Required action: Type out the data below in its entirety, exactly as given.

Stored data:
- - -

(* Assume A2, let $x\in\mathcal I$, suppose the $x$-threshold word $\pi$ exists, and let $n\ge 1$. Then: (1) if $x\le y_{10^{n-1}}$ then $0^n$ does not occur as a factor of $\pi^\omega$; (2) if $x\ge y_{010^{n-1}}$ then $10^{n-1}1$ does not occur as a factor of $\pi^\omega$; (3) if $x\ge y_{01^{n-1}}$ then $1^n$ does not occur as a factor of $\pi^\omega$; (4) if $x\le y_{101^{n-1}}$ then $01^{n-1}0$ does not occur as a factor of $\pi^\omega$. (Here $0^0=1^0=\epsilon$.)
   Context: Words are finite strings over $\{0,1\}$; $\epsilon$ is the empty word, $w_k$ the $k$-th letter, $w^\omega$ the infinite repetition of $w$. Let $\mathcal I\subseteq\mathbb R$ be an interval and $\phi_0,\phi_1:\mathcal I\to\mathcal I$. For a word $w$ put $\phi_w:=\phi_{w_{|w|}}\circ\cdots\circ\phi_{w_1}$ (the first letter is applied first), $\phi_\epsilon=\mathrm{id}$. Assumption A2: for all $x<y$ in $\mathcal I$ and $k\in\{0,1\}$, $\phi_k(x)<\phi_k(y)$ and $\phi_k(y)-\phi_k(x)<y-x$; moreover $\phi_0,\phi_1$ have fixed points $y_0,y_1\in\mathcal I$ with $y_1<y_0$. Under A2, for every non-empty word $w$ the map $\phi_w$ has a unique fixed point in $\mathcal I$, denoted $y_w$. The $x$-threshold orbit is the sequence $(x_k)_{k\ge1}$ with $x_1=\phi_1(x)$ and $x_{k+1}=\phi_1(x_k)$ if $x_k\ge x$, $x_{k+1}=\phi_0(x_k)$ if $x_k<x$. The $x$-threshold word is the shortest (finite, non-empty) word $\pi$ such that $x_{k+1}=\phi_{(\pi^\omega)_k}(x_k)$ for all $k\ge1$, when such a word exists. *)

theory Defs
  imports "HOL-Analysis.Analysis"
begin
definition alternating :: "('g,'m) monoid_scheme \<Rightarrow> 'g set \<Rightarrow> ('g \<Rightarrow> 'e::real_normed_vector \<Rightarrow> 'e) \<Rightarrow> ('g \<Rightarrow> 'e) \<Rightarrow> bool" where
  "alternating G H act f \<longleftrightarrow> (\<forall>g\<in>H. f g + act g (f (inv\<^bsub>G\<^esub> g)) = 0)"

definition alt_quasicocycle :: "('g,'m) monoid_scheme \<Rightarrow> 'g set \<Rightarrow> ('g \<Rightarrow> 'e::real_normed_vector \<Rightarrow> 'e) \<Rightarrow> ('g \<Rightarrow> 'e) \<Rightarrow> bool" where
  "alt_quasicocycle G H act f \<longleftrightarrow> quasicocycle G H act f \<and> alternating G H act f"

definition cocycle :: "('g,'m) monoid_scheme \<Rightarrow> 'g set \<Rightarrow> ('g \<Rightarrow> 'e::real_normed_vector \<Rightarrow> 'e) \<Rightarrow> ('g \<Rightarrow> 'e) \<Rightarrow> bool" where
  "cocycle G H act f \<longleftrightarrow> (\<forall>g\<in>H. \<forall>h\<in>H. f (g \<otimes>\<^bsub>G\<^esub> h) = f g + act g (f h))"

text \<open>Normal forms: a list [(a1,b1),...,(an,bn)], n \<ge> 1, with ai in A, bi in B, all
  non-trivial except possibly a1 and bn, whose product a1 b1 ... an bn is g.\<close>
definition pairs_prod :: "('g,'m) monoid_scheme \<Rightarrow> ('g \<times> 'g) list \<Rightarrow> 'g" where
  "pairs_prod G ps = foldr (\<lambda>(a,b) x. a \<otimes>\<^bsub>G\<^esub> b \<otimes>\<^bsub>G\<^esub> x) ps \<one>\<^bsub>G\<^esub>"

definition is_normal_form :: "('g,'m) monoid_scheme \<Rightarrow> 'g set \<Rightarrow> 'g set \<Rightarrow> ('g \<times> 'g) list \<Rightarrow> 'g \<Rightarrow> bool" where
  "is_normal_form G A B ps g \<longleftrightarrow>
     ps \<noteq> [] \<and>
     (\<forall>i<length ps. fst (ps ! i) \<in> A \<and> snd (ps ! i) \<in> B) \<and>
     (\<forall>i<length ps. i \<noteq> 0 \<longrightarrow> fst (ps ! i) \<noteq> \<one>\<^bsub>G\<^esub>) \<and>
     (\<forall>i<length ps. i \<noteq> length ps - 1 \<longrightarrow> snd (ps ! i) \<noteq> \<one>\<^bsub>G\<^esub>) \<and>
     pairs_prod G ps = g"

definition is_free_product :: "('g,'m) monoid_scheme \<Rightarrow> 'g set \<Rightarrow> 'g set \<Rightarrow> bool" where
  "is_free_product G A B \<longleftrightarrow> group G \<and> subgroup A G \<and> subgroup B G \<and>
     (\<forall>g\<in>carrier G. g \<noteq> \<one>\<^bsub>G\<^esub> \<longrightarrow> (\<exists>!ps. is_normal_form G A B ps g))"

- - -

Exercise output:
(* Assume A2, let $x\in\mathcal I$, suppose the $x$-threshold word $\pi$ exists, and let $n\ge 1$. Then: (1) if $x\le y_{10^{n-1}}$ then $0^n$ does not occur as a factor of $\pi^\omega$; (2) if $x\ge y_{010^{n-1}}$ then $10^{n-1}1$ does not occur as a factor of $\pi^\omega$; (3) if $x\ge y_{01^{n-1}}$ then $1^n$ does not occur as a factor of $\pi^\omega$; (4) if $x\le y_{101^{n-1}}$ then $01^{n-1}0$ does not occur as a factor of $\pi^\omega$. (Here $0^0=1^0=\epsilon$.)
   Context: Words are finite strings over $\{0,1\}$; $\epsilon$ is the empty word, $w_k$ the $k$-th letter, $w^\omega$ the infinite repetition of $w$. Let $\mathcal I\subseteq\mathbb R$ be an interval and $\phi_0,\phi_1:\mathcal I\to\mathcal I$. For a word $w$ put $\phi_w:=\phi_{w_{|w|}}\circ\cdots\circ\phi_{w_1}$ (the first letter is applied first), $\phi_\epsilon=\mathrm{id}$. Assumption A2: for all $x<y$ in $\mathcal I$ and $k\in\{0,1\}$, $\phi_k(x)<\phi_k(y)$ and $\phi_k(y)-\phi_k(x)<y-x$; moreover $\phi_0,\phi_1$ have fixed points $y_0,y_1\in\mathcal I$ with $y_1<y_0$. Under A2, for every non-empty word $w$ the map $\phi_w$ has a unique fixed point in $\mathcal I$, denoted $y_w$. The $x$-threshold orbit is the sequence $(x_k)_{k\ge1}$ with $x_1=\phi_1(x)$ and $x_{k+1}=\phi_1(x_k)$ if $x_k\ge x$, $x_{k+1}=\phi_0(x_k)$ if $x_k<x$. The $x$-threshold word is the shortest (finite, non-empty) word $\pi$ such that $x_{k+1}=\phi_{(\pi^\omega)_k}(x_k)$ for all $k\ge1$, when such a word exists. *)

theory Defs
  imports "HOL-Analysis.Analysis"
begin
definition alternating :: "('g,'m) monoid_scheme \<Rightarrow> 'g set \<Rightarrow> ('g \<Rightarrow> 'e::real_normed_vector \<Rightarrow> 'e) \<Rightarrow> ('g \<Rightarrow> 'e) \<Rightarrow> bool" where
  "alternating G H act f \<longleftrightarrow> (\<forall>g\<in>H. f g + act g (f (inv\<^bsub>G\<^esub> g)) = 0)"

definition alt_quasicocycle :: "('g,'m) monoid_scheme \<Rightarrow> 'g set \<Rightarrow> ('g \<Rightarrow> 'e::real_normed_vector \<Rightarrow> 'e) \<Rightarrow> ('g \<Rightarrow> 'e) \<Rightarrow> bool" where
  "alt_quasicocycle G H act f \<longleftrightarrow> quasicocycle G H act f \<and> alternating G H act f"

definition cocycle :: "('g,'m) monoid_scheme \<Rightarrow> 'g set \<Rightarrow> ('g \<Rightarrow> 'e::real_normed_vector \<Rightarrow> 'e) \<Rightarrow> ('g \<Rightarrow> 'e) \<Rightarrow> bool" where
  "cocycle G H act f \<longleftrightarrow> (\<forall>g\<in>H. \<forall>h\<in>H. f (g \<otimes>\<^bsub>G\<^esub> h) = f g + act g (f h))"

text \<open>Normal forms: a list [(a1,b1),...,(an,bn)], n \<ge> 1, with ai in A, bi in B, all
  non-trivial except possibly a1 and bn, whose product a1 b1 ... an bn is g.\<close>
definition pairs_prod :: "('g,'m) monoid_scheme \<Rightarrow> ('g \<times> 'g) list \<Rightarrow> 'g" where
  "pairs_prod G ps = foldr (\<lambda>(a,b) x. a \<otimes>\<^bsub>G\<^esub> b \<otimes>\<^bsub>G\<^esub> x) ps \<one>\<^bsub>G\<^esub>"

definition is_normal_form :: "('g,'m) monoid_scheme \<Rightarrow> 'g set \<Rightarrow> 'g set \<Rightarrow> ('g \<times> 'g) list \<Rightarrow> 'g \<Rightarrow> bool" where
  "is_normal_form G A B ps g \<longleftrightarrow>
     ps \<noteq> [] \<and>
     (\<forall>i<length ps. fst (ps ! i) \<in> A \<and> snd (ps ! i) \<in> B) \<and>
     (\<forall>i<length ps. i \<noteq> 0 \<longrightarrow> fst (ps ! i) \<noteq> \<one>\<^bsub>G\<^esub>) \<and>
     (\<forall>i<length ps. i \<noteq> length ps - 1 \<longrightarrow> snd (ps ! i) \<noteq> \<one>\<^bsub>G\<^esub>) \<and>
     pairs_prod G ps = g"

definition is_free_product :: "('g,'m) monoid_scheme \<Rightarrow> 'g set \<Rightarrow> 'g set \<Rightarrow> bool" where
  "is_free_product G A B \<longleftrightarrow> group G \<and> subgroup A G \<and> subgroup B G \<and>
     (\<forall>g\<in>carrier G. g \<noteq> \<one>\<^bsub>G\<^esub> \<longrightarrow> (\<exists>!ps. is_normal_form G A B ps g))"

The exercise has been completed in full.